*REQUIREMENT*: Among the lines below, a stretch begins at the one with "using that co_unit_fun_preserves_false_count_rel[of" and ends at the one with "(\<lambda>A. pPol (separating_rels". Repeat that stretch exactly, ends included.

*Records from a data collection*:
"""
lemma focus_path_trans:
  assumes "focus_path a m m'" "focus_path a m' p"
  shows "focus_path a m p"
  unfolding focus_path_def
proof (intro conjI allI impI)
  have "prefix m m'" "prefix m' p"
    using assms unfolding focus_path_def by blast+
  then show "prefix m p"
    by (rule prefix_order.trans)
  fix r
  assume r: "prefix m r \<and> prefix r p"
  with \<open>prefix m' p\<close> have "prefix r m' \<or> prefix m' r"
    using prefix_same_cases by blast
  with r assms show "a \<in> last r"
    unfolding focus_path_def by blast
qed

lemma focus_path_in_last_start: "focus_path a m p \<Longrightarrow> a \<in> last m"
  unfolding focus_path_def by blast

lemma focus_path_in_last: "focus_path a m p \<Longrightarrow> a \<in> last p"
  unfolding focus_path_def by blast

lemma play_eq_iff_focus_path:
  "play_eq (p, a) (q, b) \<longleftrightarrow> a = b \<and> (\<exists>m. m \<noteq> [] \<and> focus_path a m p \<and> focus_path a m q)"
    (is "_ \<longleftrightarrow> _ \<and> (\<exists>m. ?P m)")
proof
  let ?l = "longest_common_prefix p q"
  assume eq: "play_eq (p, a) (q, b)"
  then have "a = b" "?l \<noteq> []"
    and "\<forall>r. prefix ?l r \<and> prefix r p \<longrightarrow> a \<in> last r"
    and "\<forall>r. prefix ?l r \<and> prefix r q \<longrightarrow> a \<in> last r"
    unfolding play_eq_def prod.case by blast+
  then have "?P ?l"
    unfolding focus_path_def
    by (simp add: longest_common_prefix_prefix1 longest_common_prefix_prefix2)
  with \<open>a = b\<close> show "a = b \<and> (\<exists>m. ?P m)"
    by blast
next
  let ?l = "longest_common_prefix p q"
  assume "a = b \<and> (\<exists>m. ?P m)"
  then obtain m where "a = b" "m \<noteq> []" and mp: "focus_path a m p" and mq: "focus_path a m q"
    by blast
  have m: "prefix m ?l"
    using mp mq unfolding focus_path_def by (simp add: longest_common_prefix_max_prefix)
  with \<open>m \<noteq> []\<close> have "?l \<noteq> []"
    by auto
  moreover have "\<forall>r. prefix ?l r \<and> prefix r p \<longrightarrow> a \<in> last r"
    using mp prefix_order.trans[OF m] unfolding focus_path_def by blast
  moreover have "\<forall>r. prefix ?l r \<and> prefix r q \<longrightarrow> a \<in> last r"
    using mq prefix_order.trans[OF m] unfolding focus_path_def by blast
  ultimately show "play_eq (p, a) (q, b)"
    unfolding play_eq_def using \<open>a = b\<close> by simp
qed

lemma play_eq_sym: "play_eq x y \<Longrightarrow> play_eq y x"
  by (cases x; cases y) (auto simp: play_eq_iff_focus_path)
"""
"""
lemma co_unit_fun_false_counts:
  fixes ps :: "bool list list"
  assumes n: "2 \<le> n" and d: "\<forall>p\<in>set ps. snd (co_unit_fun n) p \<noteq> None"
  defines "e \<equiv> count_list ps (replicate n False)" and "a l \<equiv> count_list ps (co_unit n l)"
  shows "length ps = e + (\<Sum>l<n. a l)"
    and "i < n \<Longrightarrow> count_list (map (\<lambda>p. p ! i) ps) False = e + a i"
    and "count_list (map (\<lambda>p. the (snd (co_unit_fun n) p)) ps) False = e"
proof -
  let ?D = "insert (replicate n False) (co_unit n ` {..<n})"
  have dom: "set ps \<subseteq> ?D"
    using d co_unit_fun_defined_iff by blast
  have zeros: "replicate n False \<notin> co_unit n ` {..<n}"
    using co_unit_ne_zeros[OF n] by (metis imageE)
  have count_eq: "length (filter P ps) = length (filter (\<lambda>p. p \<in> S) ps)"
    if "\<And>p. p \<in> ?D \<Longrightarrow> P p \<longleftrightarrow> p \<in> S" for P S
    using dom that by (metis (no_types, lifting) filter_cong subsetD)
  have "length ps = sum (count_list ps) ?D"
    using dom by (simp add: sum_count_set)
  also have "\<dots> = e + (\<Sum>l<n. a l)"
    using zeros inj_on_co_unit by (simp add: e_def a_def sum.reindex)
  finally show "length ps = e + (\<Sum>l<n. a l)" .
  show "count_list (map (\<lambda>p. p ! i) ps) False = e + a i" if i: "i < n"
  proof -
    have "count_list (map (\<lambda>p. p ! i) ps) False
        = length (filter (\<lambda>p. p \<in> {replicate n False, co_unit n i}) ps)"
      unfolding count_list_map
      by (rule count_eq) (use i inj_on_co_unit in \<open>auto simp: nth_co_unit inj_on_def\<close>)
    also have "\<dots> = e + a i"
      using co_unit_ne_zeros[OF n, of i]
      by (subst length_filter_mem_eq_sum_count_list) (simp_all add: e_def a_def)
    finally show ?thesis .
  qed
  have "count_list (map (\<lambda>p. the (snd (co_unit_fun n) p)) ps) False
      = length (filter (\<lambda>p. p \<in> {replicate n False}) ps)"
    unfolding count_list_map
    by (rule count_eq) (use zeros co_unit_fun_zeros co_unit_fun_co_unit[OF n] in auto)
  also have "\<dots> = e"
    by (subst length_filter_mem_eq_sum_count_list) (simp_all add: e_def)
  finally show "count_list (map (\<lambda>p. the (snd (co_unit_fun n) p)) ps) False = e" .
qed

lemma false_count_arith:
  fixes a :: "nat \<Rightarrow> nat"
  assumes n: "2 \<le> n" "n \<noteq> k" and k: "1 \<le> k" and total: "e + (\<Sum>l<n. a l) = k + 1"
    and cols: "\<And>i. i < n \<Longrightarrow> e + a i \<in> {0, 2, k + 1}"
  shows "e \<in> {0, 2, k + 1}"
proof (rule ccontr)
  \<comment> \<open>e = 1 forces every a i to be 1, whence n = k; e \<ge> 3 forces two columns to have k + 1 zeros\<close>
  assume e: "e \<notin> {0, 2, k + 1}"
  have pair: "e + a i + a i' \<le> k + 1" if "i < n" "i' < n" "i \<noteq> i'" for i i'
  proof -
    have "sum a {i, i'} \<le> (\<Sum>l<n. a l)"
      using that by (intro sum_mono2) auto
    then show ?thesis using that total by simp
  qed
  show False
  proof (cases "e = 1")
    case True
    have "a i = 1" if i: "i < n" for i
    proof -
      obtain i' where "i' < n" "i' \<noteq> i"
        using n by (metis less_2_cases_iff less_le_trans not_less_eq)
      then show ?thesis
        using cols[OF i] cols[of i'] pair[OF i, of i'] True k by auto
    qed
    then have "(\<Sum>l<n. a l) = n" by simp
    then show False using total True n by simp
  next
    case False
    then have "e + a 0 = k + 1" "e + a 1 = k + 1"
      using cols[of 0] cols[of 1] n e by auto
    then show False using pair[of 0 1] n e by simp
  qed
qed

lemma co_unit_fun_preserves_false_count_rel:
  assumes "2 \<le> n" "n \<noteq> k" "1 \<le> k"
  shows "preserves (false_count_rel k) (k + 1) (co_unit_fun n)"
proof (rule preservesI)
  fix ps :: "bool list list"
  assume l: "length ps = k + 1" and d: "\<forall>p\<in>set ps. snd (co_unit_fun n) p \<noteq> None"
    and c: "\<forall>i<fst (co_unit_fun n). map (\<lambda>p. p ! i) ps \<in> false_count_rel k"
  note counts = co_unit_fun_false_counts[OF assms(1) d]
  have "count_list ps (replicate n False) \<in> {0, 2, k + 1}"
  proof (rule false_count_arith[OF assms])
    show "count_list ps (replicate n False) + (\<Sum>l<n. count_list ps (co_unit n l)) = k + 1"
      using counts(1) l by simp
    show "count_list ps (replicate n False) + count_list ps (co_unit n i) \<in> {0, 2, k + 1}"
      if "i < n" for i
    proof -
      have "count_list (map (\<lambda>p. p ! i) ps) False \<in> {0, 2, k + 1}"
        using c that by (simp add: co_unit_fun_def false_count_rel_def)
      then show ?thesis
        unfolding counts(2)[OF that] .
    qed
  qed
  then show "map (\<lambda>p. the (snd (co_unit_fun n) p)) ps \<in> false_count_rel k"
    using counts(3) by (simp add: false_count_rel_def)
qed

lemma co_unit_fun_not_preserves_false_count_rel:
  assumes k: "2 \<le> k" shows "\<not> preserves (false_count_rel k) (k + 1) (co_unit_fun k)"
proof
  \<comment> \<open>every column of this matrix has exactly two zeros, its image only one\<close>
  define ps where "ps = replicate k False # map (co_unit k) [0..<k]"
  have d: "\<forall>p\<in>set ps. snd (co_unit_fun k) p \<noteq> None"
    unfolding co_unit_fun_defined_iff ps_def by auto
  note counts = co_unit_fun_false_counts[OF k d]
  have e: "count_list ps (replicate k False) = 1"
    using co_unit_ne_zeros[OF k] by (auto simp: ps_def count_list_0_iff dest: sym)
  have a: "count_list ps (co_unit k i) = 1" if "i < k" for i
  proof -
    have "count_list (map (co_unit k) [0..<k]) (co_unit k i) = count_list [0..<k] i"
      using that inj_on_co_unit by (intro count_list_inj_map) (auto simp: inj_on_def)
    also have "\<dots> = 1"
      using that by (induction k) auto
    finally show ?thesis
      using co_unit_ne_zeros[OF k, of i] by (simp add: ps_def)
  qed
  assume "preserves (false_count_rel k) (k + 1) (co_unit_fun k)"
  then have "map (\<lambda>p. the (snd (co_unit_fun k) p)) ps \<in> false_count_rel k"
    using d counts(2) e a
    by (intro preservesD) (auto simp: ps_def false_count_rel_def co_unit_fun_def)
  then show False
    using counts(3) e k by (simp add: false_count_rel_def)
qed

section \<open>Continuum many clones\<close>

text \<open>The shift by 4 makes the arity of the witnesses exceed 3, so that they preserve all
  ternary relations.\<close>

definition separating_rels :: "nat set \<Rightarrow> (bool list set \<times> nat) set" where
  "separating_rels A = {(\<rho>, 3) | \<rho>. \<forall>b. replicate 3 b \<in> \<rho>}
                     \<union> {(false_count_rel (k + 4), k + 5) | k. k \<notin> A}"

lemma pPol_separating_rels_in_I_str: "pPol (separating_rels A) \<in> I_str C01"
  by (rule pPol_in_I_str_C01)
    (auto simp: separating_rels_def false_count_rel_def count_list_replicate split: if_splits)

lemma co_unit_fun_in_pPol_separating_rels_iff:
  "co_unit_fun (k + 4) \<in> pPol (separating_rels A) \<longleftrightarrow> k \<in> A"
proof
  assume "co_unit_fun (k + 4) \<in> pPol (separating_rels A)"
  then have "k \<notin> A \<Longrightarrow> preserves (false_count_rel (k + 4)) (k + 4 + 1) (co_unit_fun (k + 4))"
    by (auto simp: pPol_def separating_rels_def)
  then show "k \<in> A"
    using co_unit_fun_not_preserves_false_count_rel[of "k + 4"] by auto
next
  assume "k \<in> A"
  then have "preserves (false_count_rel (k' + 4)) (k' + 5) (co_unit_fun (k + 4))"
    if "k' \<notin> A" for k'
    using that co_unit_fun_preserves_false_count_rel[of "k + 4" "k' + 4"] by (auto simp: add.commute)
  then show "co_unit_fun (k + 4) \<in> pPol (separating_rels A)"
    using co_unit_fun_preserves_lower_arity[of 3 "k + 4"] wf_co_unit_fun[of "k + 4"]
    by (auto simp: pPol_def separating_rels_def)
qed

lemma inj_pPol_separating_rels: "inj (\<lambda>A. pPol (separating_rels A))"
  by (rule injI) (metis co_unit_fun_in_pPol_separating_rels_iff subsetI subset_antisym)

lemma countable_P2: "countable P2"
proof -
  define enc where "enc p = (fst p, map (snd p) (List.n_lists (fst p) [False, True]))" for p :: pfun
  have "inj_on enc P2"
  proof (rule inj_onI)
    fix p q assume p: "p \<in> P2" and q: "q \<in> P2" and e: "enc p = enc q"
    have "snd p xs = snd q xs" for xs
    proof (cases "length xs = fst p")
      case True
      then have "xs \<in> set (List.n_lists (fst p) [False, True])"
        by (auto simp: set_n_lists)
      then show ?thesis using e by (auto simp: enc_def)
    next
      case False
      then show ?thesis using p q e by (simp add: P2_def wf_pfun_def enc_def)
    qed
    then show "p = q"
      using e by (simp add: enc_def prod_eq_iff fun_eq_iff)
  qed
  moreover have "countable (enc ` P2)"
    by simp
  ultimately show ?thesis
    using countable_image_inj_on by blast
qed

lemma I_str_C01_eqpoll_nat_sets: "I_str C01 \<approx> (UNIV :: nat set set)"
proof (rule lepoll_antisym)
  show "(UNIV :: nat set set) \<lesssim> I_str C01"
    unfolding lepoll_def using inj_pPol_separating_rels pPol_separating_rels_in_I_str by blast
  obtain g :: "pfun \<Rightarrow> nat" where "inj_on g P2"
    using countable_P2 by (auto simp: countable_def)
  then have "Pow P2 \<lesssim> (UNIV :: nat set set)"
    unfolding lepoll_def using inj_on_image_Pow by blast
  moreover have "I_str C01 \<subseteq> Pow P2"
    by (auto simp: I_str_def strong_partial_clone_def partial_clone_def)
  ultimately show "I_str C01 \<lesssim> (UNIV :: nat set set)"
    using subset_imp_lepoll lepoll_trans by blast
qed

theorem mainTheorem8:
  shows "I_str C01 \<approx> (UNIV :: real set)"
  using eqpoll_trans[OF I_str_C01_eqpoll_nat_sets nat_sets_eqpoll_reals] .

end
"""
*EXERCISE RESPONSE*:
    using that co_unit_fun_preserves_false_count_rel[of "k + 4" "k' + 4"] by (auto simp: add.commute)
  then show "co_unit_fun (k + 4) \<in> pPol (separating_rels A)"
    using co_unit_fun_preserves_lower_arity[of 3 "k + 4"] wf_co_unit_fun[of "k + 4"]
    by (auto simp: pPol_def separating_rels_def)
qed

lemma inj_pPol_separating_rels: "inj (\<lambda>A. pPol (separating_rels A))"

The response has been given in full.